--- Data to use Enclosed Below ---

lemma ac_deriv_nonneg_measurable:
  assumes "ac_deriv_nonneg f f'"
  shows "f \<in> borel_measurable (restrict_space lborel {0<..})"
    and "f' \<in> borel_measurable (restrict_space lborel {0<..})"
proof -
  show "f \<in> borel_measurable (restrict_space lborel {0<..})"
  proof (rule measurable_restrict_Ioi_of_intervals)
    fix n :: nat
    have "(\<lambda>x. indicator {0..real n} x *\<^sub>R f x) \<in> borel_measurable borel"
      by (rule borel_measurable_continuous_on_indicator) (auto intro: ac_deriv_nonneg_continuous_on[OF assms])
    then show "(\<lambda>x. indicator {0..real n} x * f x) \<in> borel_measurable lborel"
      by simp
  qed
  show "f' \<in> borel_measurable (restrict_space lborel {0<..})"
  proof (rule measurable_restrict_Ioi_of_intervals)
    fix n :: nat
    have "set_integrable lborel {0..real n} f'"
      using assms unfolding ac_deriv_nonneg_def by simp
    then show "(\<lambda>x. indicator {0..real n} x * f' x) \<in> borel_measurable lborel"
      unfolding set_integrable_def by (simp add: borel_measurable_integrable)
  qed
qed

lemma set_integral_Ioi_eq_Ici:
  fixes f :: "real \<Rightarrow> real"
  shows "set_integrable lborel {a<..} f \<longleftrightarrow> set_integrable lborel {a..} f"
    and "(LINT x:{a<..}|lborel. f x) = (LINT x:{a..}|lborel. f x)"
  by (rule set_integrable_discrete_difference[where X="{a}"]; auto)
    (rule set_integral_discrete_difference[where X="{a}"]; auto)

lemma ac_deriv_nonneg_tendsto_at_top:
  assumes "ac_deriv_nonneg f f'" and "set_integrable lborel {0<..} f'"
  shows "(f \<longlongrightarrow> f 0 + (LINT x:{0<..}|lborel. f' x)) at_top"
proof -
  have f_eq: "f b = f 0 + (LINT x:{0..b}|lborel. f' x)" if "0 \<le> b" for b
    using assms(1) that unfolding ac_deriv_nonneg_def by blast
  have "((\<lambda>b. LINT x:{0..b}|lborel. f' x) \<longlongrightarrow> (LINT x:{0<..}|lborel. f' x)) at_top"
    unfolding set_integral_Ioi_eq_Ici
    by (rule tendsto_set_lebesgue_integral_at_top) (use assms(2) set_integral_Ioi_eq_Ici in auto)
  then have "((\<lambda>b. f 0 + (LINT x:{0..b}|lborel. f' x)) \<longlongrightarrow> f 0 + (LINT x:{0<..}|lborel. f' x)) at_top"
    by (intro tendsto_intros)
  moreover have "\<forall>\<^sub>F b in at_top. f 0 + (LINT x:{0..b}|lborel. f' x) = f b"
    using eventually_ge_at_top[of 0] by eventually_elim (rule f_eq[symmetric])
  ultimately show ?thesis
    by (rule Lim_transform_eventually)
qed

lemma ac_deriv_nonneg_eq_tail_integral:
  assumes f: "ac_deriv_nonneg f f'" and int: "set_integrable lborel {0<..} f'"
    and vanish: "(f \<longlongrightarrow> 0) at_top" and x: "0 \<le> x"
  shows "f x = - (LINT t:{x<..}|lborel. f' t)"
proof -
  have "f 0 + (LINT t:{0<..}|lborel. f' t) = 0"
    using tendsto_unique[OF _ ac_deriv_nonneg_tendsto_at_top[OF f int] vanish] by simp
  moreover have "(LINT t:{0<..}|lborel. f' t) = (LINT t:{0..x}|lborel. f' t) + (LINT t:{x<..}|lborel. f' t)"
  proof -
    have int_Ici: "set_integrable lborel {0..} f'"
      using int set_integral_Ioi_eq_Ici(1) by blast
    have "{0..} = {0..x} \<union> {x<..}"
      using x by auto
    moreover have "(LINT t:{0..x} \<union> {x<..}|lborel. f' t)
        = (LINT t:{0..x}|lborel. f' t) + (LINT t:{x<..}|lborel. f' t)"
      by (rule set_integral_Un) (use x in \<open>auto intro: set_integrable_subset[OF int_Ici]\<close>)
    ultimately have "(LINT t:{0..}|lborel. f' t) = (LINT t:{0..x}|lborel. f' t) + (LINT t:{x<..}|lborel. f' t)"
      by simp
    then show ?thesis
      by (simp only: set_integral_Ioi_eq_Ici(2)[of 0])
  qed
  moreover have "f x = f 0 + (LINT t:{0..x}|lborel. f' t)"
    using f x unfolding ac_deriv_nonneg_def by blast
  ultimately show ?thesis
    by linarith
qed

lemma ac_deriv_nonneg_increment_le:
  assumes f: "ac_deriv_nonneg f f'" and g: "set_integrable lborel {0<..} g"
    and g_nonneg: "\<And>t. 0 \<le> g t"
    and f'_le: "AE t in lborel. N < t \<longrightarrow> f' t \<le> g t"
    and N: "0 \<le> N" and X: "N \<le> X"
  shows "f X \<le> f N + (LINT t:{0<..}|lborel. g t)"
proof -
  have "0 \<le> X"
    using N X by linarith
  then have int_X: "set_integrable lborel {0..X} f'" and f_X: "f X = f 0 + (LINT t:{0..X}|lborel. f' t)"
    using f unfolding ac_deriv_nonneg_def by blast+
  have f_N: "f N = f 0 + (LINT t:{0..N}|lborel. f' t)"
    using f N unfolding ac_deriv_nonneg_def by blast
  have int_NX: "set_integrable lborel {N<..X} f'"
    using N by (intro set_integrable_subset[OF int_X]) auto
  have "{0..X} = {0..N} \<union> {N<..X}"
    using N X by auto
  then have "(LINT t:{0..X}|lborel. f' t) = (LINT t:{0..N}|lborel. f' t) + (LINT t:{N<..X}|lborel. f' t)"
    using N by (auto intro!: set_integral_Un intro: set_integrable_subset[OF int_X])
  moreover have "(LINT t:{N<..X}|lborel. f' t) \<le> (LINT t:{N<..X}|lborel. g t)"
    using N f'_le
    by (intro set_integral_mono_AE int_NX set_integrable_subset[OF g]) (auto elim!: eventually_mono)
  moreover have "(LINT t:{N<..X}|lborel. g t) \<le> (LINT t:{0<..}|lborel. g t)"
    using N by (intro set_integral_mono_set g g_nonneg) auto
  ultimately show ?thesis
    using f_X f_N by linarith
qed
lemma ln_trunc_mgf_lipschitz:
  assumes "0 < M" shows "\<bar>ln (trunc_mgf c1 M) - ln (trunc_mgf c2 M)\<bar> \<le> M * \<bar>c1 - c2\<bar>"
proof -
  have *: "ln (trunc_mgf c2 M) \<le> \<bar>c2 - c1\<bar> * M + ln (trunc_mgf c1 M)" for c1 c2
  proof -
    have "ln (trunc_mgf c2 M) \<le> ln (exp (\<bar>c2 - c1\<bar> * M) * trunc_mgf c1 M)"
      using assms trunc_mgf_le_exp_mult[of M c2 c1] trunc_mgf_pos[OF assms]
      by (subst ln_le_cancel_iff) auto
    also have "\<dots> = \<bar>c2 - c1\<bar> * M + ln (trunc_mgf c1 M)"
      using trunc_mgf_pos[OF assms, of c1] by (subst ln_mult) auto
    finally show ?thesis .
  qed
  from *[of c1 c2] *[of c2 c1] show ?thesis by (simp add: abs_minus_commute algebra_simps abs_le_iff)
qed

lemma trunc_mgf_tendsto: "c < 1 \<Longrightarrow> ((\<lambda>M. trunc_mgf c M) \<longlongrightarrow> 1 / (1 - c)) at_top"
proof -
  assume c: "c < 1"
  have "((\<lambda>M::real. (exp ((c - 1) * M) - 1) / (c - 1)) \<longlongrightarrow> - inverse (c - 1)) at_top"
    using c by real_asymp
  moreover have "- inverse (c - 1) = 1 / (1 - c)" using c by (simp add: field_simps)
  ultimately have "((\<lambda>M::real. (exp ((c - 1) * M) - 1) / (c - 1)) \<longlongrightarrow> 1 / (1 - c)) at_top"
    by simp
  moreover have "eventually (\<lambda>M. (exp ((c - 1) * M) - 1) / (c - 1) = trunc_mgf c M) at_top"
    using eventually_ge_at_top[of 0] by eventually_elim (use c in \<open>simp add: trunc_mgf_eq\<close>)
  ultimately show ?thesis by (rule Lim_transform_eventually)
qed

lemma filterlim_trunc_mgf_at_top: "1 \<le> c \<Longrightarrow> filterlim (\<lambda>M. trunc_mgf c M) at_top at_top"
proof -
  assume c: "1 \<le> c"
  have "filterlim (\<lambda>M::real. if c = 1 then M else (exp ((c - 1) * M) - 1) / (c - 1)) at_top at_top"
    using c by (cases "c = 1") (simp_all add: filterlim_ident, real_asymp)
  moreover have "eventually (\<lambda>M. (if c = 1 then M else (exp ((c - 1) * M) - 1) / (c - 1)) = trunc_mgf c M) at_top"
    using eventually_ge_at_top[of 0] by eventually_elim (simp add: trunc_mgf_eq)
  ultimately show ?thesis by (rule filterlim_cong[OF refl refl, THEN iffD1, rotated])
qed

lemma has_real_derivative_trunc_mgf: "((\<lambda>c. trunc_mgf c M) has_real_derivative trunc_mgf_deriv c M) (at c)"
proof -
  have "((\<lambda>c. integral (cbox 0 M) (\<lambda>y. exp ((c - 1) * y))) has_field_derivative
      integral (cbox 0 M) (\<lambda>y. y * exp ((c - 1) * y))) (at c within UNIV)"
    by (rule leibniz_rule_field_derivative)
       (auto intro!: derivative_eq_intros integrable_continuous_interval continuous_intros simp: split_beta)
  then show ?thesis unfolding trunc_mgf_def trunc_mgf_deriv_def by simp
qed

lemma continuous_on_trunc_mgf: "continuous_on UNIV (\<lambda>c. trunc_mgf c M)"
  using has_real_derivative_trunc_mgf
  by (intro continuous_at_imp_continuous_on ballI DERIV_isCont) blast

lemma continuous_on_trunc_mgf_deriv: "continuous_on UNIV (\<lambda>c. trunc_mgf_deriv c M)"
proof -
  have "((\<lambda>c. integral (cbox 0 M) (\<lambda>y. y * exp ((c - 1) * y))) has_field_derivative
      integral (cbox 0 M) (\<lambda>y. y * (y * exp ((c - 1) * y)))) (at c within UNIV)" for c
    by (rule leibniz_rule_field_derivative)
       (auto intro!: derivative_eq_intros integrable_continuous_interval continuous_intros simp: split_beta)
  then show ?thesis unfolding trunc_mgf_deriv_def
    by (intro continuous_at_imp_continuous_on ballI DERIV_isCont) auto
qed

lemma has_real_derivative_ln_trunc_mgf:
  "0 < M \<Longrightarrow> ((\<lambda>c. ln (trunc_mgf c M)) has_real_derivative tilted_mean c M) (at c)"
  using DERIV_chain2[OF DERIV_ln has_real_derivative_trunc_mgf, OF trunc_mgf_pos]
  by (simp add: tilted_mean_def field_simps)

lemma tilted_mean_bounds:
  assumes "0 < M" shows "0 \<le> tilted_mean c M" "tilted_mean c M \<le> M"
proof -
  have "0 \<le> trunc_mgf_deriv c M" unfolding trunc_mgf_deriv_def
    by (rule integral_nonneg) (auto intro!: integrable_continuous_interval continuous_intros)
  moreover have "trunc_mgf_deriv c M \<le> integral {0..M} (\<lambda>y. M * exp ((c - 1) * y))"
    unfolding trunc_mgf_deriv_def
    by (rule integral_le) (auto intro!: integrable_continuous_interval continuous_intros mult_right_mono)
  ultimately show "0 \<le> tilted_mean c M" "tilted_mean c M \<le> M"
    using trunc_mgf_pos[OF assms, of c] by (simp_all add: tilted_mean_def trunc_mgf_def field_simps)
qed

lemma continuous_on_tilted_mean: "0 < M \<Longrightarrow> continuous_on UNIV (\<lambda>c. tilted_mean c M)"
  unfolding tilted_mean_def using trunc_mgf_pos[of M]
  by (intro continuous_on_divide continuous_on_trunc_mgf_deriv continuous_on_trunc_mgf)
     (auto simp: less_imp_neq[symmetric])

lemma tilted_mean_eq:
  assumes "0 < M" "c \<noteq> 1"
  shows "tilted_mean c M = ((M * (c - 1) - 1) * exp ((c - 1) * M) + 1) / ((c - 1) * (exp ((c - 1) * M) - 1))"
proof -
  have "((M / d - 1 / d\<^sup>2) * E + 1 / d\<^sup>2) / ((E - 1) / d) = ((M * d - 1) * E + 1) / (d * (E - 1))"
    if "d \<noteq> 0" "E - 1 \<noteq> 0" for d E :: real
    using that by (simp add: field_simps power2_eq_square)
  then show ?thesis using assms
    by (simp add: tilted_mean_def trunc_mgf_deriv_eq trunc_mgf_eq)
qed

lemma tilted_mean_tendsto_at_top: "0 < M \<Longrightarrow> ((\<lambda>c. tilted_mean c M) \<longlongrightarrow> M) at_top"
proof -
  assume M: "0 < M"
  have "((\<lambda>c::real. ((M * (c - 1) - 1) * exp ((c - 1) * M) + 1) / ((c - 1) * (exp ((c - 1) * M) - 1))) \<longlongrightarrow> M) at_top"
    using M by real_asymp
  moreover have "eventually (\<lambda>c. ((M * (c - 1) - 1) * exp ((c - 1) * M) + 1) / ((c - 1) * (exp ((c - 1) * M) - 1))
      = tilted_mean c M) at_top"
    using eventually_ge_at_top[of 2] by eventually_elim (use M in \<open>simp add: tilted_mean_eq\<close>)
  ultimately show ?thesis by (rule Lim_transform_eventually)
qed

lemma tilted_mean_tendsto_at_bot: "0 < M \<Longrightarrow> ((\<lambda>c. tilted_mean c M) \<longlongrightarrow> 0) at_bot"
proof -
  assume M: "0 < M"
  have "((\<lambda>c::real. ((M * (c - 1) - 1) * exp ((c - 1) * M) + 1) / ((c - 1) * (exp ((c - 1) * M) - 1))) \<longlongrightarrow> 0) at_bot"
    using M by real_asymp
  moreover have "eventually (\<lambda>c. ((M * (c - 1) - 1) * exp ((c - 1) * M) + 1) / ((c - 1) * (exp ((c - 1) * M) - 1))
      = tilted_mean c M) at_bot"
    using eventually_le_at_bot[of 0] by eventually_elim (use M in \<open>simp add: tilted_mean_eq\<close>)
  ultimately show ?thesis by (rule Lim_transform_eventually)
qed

--- End of Enclosed Data to use ---

» Directions for this task: When the line with "using f x unfolding" is reached in the data above, start copying there, and copy each line exactly until the line with "using N X by auto" has been copied; copy nothing else.

» Written reply:
    using f x unfolding ac_deriv_nonneg_def by blast
  ultimately show ?thesis
    by linarith
qed

lemma ac_deriv_nonneg_increment_le:
  assumes f: "ac_deriv_nonneg f f'" and g: "set_integrable lborel {0<..} g"
    and g_nonneg: "\<And>t. 0 \<le> g t"
    and f'_le: "AE t in lborel. N < t \<longrightarrow> f' t \<le> g t"
    and N: "0 \<le> N" and X: "N \<le> X"
  shows "f X \<le> f N + (LINT t:{0<..}|lborel. g t)"
proof -
  have "0 \<le> X"
    using N X by linarith
  then have int_X: "set_integrable lborel {0..X} f'" and f_X: "f X = f 0 + (LINT t:{0..X}|lborel. f' t)"
    using f unfolding ac_deriv_nonneg_def by blast+
  have f_N: "f N = f 0 + (LINT t:{0..N}|lborel. f' t)"
    using f N unfolding ac_deriv_nonneg_def by blast
  have int_NX: "set_integrable lborel {N<..X} f'"
    using N by (intro set_integrable_subset[OF int_X]) auto
  have "{0..X} = {0..N} \<union> {N<..X}"
    using N X by auto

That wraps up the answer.